*** Records provided ***

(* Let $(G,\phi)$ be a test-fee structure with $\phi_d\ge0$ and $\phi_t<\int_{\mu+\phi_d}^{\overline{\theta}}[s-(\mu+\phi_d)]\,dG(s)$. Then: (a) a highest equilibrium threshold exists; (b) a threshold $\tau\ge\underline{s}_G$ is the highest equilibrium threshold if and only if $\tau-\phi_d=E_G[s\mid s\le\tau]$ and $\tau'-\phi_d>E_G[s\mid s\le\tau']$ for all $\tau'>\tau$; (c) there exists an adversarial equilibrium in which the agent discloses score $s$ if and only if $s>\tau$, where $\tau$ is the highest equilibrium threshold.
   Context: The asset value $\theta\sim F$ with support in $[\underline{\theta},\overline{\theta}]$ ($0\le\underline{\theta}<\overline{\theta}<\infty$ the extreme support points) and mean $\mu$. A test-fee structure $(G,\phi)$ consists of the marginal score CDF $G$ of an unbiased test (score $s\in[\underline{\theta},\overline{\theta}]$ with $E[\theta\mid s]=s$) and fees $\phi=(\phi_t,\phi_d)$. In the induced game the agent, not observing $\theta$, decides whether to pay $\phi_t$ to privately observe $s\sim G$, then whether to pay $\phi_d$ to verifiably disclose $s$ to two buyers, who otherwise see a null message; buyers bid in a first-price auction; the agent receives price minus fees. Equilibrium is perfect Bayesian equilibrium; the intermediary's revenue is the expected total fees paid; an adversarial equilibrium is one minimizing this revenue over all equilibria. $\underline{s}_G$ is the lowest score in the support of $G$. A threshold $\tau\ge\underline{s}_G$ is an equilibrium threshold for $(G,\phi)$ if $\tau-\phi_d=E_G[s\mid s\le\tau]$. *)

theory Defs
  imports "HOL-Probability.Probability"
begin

***
*** Records provided ***

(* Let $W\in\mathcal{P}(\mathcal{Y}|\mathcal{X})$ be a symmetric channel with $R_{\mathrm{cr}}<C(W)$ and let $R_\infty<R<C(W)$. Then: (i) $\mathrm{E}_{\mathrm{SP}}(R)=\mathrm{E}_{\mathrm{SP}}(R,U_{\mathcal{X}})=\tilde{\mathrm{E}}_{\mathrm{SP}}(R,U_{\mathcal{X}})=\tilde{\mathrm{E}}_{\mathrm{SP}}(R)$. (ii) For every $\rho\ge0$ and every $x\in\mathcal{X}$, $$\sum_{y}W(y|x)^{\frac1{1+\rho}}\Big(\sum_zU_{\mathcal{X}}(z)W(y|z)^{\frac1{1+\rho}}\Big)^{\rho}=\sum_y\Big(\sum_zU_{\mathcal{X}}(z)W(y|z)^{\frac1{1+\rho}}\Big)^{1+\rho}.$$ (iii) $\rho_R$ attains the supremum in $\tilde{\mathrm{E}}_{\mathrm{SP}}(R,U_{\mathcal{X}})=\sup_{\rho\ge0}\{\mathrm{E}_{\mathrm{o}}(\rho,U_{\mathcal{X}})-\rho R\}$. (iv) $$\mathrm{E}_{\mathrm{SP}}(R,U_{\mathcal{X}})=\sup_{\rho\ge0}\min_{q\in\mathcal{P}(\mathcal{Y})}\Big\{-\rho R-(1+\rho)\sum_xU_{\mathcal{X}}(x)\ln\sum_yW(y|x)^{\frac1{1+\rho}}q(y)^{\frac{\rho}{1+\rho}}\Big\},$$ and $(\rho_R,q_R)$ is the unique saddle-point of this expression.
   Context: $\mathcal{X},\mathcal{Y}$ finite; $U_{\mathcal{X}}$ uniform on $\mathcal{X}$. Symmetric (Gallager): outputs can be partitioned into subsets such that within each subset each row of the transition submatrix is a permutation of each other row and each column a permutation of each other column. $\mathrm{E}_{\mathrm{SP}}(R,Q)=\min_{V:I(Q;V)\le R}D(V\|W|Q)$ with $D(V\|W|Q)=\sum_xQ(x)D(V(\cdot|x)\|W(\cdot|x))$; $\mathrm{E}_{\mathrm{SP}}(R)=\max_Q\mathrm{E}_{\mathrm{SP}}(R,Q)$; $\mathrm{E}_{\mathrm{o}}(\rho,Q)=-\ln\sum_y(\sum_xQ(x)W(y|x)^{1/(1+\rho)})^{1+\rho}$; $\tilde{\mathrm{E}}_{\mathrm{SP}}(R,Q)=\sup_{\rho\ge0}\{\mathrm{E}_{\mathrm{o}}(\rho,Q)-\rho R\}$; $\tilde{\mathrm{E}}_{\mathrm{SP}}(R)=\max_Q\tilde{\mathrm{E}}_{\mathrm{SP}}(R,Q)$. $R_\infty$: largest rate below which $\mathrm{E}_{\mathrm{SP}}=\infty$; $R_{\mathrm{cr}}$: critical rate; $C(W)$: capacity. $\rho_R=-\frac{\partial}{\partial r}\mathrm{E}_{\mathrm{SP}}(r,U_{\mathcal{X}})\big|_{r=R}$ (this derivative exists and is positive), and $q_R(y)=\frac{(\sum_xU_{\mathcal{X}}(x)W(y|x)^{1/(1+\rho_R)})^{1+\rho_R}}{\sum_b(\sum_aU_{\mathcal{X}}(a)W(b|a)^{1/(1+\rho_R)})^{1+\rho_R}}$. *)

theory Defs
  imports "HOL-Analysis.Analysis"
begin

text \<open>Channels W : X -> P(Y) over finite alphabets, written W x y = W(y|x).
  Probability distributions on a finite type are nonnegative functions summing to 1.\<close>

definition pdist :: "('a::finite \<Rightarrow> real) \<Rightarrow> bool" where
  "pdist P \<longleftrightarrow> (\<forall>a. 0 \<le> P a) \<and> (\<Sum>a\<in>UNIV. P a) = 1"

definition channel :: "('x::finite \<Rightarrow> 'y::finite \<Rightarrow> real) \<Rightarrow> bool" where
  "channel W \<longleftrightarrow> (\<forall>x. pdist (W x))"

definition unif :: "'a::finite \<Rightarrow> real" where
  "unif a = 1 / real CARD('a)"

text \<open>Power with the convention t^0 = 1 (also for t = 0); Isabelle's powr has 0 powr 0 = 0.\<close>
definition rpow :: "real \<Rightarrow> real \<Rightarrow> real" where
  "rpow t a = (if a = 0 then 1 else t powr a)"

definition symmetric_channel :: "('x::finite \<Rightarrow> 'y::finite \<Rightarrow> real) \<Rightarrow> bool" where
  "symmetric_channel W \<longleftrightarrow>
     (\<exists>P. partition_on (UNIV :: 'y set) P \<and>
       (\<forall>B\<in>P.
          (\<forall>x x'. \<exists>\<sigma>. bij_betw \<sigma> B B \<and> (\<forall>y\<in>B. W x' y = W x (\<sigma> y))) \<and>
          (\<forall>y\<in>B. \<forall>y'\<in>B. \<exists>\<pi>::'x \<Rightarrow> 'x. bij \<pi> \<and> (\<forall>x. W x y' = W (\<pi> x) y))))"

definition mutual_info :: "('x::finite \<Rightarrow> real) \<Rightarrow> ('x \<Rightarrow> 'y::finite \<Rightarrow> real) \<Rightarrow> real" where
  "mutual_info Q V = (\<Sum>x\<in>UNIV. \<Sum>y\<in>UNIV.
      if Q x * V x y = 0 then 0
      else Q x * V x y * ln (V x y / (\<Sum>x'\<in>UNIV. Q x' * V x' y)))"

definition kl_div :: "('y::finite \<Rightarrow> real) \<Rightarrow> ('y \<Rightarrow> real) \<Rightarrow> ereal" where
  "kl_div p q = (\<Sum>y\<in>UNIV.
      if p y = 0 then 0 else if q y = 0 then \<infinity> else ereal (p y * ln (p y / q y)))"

***
*** Records provided ***

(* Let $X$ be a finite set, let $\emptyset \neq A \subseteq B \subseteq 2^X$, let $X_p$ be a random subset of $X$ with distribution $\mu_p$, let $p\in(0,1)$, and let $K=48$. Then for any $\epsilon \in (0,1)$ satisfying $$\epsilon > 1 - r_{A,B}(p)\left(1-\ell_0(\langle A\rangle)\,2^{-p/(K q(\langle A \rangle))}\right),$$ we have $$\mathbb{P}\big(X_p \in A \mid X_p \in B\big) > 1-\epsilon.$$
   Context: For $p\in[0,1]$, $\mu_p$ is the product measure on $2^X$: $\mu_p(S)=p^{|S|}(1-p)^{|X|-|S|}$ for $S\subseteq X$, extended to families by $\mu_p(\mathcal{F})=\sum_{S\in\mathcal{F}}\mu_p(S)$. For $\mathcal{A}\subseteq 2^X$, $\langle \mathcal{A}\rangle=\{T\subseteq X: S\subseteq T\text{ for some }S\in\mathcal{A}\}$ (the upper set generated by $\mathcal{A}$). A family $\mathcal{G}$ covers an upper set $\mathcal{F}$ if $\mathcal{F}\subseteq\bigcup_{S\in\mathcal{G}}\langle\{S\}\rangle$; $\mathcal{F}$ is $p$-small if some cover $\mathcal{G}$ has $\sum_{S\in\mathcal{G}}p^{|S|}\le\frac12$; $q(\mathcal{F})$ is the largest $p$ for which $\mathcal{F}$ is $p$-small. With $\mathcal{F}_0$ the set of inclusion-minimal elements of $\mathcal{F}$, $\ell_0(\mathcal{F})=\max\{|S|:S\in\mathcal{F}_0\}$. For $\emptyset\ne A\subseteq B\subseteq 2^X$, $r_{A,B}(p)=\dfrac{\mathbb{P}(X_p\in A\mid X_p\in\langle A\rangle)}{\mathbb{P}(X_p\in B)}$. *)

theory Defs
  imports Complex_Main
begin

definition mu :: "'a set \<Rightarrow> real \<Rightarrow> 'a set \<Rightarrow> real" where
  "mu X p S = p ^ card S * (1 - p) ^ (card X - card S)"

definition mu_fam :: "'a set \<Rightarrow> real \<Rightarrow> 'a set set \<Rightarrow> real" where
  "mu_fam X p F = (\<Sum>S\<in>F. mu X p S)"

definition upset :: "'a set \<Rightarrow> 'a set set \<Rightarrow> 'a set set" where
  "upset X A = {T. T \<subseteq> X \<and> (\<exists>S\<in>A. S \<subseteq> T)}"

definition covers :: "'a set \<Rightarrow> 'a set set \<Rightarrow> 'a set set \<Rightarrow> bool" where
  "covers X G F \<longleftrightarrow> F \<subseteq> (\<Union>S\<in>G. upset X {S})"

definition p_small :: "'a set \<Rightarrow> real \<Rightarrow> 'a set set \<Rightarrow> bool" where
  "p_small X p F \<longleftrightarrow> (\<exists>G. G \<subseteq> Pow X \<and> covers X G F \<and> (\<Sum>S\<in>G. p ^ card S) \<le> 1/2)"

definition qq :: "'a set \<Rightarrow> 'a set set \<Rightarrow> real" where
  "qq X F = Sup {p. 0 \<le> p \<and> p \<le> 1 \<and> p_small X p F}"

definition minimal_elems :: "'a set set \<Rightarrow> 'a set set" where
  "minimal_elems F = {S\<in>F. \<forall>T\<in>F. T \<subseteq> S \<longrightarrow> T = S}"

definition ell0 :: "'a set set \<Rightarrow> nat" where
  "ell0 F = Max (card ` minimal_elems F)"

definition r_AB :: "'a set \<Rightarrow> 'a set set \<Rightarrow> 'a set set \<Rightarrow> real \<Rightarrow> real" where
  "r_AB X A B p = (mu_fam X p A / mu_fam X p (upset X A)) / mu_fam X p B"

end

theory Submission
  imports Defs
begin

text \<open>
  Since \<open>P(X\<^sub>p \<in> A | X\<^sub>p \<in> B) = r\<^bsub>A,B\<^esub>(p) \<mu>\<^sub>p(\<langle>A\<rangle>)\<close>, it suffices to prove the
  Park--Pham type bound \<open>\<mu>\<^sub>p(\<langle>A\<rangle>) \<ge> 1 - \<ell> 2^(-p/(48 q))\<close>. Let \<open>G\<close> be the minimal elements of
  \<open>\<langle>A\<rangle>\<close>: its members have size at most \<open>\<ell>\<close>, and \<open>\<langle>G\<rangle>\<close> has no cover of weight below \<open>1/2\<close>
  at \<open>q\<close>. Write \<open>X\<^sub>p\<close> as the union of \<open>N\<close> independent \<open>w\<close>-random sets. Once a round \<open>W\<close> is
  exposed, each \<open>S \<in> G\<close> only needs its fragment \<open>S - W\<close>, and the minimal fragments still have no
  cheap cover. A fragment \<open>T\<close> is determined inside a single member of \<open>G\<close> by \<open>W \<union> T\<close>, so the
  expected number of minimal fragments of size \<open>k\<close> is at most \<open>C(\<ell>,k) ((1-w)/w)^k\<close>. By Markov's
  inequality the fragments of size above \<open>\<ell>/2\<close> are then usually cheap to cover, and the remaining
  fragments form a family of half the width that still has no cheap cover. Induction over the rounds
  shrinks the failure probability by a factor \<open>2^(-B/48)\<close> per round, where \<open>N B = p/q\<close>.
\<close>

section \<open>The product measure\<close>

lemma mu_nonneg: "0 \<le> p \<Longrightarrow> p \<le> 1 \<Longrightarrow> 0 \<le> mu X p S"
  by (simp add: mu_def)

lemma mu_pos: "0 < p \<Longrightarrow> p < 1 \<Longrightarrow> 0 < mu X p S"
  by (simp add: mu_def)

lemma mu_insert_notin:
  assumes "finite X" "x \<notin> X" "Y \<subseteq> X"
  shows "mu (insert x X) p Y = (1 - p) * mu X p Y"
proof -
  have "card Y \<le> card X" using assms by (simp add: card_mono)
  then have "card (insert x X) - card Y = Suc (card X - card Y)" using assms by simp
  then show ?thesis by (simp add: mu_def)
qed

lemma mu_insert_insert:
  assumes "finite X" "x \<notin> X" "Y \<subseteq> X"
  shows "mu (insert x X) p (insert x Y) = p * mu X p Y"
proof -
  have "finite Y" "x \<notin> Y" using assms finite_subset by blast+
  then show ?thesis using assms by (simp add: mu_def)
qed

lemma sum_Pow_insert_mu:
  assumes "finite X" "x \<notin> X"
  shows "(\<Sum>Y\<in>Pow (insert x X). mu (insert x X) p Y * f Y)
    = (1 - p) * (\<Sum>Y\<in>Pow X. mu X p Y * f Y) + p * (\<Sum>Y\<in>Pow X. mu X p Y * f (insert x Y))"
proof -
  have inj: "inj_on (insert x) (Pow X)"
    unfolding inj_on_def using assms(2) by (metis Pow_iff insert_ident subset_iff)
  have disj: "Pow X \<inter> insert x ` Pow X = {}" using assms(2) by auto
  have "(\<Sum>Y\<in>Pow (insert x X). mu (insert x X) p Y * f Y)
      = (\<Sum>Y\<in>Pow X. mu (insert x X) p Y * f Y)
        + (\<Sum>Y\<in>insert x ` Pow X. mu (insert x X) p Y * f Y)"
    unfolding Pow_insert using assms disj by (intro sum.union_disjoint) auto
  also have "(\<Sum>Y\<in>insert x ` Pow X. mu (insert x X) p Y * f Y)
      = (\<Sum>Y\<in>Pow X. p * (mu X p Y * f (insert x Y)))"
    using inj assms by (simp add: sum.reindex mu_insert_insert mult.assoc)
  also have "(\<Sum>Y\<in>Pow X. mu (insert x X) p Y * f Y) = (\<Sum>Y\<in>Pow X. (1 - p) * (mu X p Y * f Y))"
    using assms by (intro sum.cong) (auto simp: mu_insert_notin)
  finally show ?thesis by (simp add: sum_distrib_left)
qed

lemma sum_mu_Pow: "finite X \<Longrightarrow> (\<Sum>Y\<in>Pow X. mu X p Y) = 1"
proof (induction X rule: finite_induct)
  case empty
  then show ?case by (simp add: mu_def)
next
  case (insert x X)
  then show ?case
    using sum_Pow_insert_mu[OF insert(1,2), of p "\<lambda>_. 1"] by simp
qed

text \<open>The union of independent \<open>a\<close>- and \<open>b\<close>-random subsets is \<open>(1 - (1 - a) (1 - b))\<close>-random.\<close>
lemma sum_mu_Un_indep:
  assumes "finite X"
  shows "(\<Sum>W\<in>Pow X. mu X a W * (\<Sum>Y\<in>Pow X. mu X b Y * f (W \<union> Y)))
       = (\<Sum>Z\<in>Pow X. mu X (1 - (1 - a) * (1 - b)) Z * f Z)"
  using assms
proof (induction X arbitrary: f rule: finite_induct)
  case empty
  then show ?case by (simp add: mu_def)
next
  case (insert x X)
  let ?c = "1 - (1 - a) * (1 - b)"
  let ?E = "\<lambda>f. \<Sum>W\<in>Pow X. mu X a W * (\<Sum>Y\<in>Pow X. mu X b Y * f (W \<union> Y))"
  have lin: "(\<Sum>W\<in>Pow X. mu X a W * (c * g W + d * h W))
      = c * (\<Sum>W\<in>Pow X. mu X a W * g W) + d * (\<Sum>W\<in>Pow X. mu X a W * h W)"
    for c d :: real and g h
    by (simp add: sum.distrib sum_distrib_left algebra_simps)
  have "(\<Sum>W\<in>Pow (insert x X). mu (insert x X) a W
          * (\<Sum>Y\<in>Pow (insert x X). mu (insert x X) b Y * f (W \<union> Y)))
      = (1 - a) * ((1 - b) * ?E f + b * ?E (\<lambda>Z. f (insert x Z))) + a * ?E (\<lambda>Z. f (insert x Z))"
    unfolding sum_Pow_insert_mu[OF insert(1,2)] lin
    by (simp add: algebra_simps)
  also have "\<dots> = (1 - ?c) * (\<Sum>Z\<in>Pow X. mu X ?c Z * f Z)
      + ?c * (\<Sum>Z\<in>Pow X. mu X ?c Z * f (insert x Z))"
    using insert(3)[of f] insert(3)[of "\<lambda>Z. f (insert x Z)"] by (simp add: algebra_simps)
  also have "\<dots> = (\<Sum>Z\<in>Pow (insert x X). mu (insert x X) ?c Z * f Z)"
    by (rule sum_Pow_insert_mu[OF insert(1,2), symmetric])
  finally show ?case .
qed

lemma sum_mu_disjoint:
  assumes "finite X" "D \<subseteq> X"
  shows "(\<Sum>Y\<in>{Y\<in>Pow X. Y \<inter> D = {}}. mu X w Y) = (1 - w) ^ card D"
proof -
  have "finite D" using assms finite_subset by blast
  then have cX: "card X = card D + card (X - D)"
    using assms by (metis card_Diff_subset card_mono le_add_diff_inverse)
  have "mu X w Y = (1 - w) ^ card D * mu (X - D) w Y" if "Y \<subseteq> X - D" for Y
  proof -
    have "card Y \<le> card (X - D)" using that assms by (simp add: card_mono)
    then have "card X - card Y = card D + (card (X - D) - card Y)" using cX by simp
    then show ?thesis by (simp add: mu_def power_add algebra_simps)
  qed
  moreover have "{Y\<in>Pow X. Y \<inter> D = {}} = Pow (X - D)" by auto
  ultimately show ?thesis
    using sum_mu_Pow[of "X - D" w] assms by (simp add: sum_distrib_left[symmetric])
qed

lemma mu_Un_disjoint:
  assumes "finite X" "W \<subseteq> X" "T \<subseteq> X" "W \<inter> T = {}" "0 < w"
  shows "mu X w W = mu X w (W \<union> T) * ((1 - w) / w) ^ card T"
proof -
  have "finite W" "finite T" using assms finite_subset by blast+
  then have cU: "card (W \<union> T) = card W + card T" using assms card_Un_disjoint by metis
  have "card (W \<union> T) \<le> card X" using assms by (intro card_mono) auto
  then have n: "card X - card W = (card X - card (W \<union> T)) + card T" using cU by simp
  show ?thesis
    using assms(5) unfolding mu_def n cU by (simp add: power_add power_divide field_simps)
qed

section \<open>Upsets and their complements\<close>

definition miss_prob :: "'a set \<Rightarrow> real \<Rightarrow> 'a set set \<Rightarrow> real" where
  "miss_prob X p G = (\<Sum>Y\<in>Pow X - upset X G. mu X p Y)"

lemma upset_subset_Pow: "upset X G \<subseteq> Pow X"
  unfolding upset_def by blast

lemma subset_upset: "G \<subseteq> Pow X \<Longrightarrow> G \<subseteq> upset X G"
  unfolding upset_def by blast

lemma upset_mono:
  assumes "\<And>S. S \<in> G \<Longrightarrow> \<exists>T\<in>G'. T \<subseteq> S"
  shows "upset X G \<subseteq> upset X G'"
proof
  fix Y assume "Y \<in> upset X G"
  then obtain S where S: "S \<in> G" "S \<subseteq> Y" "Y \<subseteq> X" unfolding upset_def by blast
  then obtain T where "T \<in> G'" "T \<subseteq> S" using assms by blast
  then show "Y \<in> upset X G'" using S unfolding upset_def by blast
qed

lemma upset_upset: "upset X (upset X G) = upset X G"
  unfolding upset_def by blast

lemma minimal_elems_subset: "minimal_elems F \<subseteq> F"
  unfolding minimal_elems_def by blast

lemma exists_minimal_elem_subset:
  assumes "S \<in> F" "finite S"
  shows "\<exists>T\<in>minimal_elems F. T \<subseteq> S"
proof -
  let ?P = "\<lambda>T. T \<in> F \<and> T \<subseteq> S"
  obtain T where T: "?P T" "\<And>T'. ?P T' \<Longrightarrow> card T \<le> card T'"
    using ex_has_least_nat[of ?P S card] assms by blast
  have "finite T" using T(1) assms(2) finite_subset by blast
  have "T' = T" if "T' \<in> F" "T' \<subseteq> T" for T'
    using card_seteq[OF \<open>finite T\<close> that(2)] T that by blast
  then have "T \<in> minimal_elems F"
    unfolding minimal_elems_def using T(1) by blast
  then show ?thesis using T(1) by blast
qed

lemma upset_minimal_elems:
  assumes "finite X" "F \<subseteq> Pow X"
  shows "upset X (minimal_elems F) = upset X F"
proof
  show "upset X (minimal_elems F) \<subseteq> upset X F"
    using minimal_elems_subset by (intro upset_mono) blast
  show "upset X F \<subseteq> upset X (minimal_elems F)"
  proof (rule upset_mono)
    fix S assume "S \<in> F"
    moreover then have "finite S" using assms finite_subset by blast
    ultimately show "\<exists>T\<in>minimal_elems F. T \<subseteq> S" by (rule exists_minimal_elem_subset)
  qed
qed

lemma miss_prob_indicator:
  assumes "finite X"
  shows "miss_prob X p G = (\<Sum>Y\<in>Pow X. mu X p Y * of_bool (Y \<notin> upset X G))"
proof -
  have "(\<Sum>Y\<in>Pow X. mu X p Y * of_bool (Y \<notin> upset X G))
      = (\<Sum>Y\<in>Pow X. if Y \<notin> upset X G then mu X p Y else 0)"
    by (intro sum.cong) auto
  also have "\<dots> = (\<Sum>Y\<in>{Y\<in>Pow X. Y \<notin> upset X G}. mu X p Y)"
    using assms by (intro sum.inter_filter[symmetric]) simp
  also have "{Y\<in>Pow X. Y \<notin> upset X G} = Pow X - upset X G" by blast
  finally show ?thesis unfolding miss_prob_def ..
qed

***

**What is needed**
Each line above from the one with "theory Submission" up to and including the one with "weight below \<open>1/2\<close>" must be set down exactly, and no line outside that span may appear.

**Output of the exercise**
theory Submission
  imports Defs
begin

text \<open>
  Since \<open>P(X\<^sub>p \<in> A | X\<^sub>p \<in> B) = r\<^bsub>A,B\<^esub>(p) \<mu>\<^sub>p(\<langle>A\<rangle>)\<close>, it suffices to prove the
  Park--Pham type bound \<open>\<mu>\<^sub>p(\<langle>A\<rangle>) \<ge> 1 - \<ell> 2^(-p/(48 q))\<close>. Let \<open>G\<close> be the minimal elements of
  \<open>\<langle>A\<rangle>\<close>: its members have size at most \<open>\<ell>\<close>, and \<open>\<langle>G\<rangle>\<close> has no cover of weight below \<open>1/2\<close>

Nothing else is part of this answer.